▶ _Available records_
-- Opening Marker --

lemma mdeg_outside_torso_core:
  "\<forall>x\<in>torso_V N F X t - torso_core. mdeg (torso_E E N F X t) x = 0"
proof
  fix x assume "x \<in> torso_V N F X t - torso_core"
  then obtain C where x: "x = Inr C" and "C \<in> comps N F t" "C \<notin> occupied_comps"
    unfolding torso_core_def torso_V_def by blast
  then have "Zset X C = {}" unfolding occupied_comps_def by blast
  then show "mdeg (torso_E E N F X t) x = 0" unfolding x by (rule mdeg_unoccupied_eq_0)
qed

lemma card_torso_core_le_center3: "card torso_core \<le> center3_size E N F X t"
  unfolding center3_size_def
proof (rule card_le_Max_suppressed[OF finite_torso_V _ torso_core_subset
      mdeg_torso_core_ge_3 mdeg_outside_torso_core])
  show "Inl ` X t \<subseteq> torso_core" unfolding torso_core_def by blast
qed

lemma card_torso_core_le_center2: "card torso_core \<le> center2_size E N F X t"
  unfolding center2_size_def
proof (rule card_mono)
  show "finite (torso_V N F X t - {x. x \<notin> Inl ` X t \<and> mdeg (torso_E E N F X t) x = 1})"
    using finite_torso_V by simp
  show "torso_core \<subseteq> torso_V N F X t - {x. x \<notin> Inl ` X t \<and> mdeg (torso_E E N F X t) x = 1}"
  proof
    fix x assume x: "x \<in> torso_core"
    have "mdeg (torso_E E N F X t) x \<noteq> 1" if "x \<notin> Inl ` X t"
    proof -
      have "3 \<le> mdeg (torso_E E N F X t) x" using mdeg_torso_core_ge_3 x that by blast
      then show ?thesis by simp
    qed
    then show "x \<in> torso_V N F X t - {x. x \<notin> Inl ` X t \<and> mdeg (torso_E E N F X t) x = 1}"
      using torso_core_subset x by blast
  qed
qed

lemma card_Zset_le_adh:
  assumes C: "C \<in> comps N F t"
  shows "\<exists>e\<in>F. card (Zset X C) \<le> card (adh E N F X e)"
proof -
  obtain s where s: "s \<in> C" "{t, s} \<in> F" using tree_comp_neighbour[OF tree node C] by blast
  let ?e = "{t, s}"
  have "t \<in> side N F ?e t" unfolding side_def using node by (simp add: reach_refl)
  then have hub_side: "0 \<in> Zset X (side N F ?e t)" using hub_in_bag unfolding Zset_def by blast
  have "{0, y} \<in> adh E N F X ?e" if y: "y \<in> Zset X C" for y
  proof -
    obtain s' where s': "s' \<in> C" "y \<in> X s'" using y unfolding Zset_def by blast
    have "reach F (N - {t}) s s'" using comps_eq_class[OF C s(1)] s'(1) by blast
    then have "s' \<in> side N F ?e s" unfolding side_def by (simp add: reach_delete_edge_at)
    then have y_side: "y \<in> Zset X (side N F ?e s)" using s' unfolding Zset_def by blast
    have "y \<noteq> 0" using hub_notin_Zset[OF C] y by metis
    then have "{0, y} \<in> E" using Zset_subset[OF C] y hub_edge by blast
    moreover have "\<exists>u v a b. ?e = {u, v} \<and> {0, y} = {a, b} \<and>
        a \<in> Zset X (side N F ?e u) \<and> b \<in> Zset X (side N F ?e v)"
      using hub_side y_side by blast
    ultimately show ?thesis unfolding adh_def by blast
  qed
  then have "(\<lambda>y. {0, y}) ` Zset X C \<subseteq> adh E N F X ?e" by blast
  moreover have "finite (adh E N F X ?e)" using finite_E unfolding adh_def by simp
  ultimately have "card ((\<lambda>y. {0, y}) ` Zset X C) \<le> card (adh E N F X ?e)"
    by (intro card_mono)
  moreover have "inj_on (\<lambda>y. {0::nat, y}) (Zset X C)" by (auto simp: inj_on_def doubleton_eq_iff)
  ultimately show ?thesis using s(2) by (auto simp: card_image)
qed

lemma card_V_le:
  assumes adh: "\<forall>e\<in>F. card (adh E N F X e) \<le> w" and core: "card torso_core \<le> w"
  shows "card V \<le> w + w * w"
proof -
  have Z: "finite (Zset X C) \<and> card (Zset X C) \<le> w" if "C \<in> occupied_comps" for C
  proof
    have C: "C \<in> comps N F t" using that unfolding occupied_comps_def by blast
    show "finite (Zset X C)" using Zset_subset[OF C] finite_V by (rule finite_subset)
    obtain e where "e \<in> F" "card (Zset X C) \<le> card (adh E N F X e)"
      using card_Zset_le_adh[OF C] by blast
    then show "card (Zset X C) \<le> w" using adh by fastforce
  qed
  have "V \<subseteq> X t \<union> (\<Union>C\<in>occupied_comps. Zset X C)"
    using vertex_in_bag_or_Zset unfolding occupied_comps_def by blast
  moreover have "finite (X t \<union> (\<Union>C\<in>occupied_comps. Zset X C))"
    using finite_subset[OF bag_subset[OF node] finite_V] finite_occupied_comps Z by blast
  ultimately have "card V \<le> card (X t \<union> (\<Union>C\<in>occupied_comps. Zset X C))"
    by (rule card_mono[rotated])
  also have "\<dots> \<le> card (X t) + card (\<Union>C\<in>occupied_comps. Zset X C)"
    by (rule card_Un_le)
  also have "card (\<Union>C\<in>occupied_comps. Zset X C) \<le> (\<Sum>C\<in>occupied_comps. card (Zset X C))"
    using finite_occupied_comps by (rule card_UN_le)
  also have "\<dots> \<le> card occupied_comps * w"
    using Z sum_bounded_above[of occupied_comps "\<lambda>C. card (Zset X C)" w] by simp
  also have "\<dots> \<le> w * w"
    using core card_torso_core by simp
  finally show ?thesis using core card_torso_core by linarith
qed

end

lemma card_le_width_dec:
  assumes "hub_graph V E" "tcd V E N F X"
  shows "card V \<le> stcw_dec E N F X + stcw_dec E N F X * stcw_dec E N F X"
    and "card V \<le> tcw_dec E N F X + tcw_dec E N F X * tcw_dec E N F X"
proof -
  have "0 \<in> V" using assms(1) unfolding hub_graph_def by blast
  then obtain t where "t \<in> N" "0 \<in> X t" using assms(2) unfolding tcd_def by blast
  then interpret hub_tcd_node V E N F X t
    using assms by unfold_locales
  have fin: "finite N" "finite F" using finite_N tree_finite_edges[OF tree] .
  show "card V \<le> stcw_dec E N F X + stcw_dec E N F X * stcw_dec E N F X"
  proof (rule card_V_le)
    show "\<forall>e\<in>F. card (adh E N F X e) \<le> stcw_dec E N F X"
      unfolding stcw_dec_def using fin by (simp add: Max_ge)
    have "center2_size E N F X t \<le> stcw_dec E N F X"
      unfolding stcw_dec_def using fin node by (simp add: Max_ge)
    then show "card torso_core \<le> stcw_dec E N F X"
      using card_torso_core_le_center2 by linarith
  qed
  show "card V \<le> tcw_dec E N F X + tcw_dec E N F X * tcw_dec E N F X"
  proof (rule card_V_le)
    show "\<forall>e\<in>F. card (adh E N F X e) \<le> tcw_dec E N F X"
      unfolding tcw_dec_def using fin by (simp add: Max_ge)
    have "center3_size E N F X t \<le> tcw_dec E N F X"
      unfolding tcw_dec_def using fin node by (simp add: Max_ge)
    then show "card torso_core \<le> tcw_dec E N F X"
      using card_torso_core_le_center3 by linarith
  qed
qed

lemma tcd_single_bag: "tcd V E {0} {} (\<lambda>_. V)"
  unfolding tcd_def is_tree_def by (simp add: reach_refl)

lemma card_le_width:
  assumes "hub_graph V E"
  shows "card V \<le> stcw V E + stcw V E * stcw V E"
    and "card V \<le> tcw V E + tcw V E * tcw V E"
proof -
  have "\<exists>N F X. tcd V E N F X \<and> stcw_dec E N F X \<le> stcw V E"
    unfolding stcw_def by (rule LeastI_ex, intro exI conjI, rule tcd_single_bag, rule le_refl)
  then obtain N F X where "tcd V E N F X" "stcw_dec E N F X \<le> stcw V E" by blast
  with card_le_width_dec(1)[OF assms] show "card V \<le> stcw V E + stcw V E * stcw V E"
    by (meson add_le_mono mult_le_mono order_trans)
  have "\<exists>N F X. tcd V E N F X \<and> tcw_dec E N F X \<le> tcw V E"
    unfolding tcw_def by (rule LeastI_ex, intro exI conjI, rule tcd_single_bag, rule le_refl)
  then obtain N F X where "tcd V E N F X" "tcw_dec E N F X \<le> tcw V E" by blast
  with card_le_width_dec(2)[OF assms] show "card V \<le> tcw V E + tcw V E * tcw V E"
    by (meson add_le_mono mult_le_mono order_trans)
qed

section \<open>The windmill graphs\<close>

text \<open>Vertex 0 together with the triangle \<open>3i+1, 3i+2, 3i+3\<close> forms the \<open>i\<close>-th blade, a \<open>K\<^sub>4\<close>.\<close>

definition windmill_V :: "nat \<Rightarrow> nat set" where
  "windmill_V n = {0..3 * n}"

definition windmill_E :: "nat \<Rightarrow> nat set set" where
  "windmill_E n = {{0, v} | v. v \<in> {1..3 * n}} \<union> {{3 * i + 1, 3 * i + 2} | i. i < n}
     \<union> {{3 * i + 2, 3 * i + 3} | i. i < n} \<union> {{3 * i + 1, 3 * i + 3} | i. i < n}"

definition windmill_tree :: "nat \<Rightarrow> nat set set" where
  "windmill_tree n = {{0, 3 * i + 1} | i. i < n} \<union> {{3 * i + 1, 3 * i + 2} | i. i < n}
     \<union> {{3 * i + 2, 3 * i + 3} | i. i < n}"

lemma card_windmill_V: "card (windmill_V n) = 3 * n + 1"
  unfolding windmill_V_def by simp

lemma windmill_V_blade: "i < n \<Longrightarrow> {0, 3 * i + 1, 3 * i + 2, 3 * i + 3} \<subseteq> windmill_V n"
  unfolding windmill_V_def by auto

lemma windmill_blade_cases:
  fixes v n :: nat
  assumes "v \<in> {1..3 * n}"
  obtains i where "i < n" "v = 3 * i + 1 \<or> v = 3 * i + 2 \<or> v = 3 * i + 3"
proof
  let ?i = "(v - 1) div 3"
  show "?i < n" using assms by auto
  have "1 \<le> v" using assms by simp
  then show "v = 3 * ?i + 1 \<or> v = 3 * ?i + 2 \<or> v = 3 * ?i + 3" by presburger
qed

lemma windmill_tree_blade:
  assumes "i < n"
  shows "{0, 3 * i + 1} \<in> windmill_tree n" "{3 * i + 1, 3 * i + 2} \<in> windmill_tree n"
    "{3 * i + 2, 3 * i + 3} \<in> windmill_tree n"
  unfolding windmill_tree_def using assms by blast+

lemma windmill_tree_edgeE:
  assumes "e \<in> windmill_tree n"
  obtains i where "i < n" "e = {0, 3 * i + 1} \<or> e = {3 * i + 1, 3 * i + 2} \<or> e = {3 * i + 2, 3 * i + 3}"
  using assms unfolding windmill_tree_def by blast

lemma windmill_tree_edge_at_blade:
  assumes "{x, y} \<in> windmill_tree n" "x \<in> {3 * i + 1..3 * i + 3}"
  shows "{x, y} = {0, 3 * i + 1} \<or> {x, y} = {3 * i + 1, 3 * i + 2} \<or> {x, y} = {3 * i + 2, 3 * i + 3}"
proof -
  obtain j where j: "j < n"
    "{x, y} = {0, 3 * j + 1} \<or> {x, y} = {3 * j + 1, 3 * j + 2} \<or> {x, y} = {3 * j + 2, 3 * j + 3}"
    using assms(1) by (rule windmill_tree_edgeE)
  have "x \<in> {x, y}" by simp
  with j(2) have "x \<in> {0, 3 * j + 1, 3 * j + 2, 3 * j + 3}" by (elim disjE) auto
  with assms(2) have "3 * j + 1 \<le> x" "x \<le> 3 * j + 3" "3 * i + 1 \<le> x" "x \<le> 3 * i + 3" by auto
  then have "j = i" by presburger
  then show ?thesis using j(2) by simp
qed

-- Closing Marker --

▶ _Task details_
Exactly as written, please reproduce the lines from the first line of the data to the line containing "(torso_V N F", inclusive, and nothing else.

▶ _Output below_
lemma mdeg_outside_torso_core:
  "\<forall>x\<in>torso_V N F X t - torso_core. mdeg (torso_E E N F X t) x = 0"
proof
  fix x assume "x \<in> torso_V N F X t - torso_core"
  then obtain C where x: "x = Inr C" and "C \<in> comps N F t" "C \<notin> occupied_comps"
    unfolding torso_core_def torso_V_def by blast
  then have "Zset X C = {}" unfolding occupied_comps_def by blast
  then show "mdeg (torso_E E N F X t) x = 0" unfolding x by (rule mdeg_unoccupied_eq_0)
qed

lemma card_torso_core_le_center3: "card torso_core \<le> center3_size E N F X t"
  unfolding center3_size_def
proof (rule card_le_Max_suppressed[OF finite_torso_V _ torso_core_subset
      mdeg_torso_core_ge_3 mdeg_outside_torso_core])
  show "Inl ` X t \<subseteq> torso_core" unfolding torso_core_def by blast
qed

lemma card_torso_core_le_center2: "card torso_core \<le> center2_size E N F X t"
  unfolding center2_size_def
proof (rule card_mono)
  show "finite (torso_V N F X t - {x. x \<notin> Inl ` X t \<and> mdeg (torso_E E N F X t) x = 1})"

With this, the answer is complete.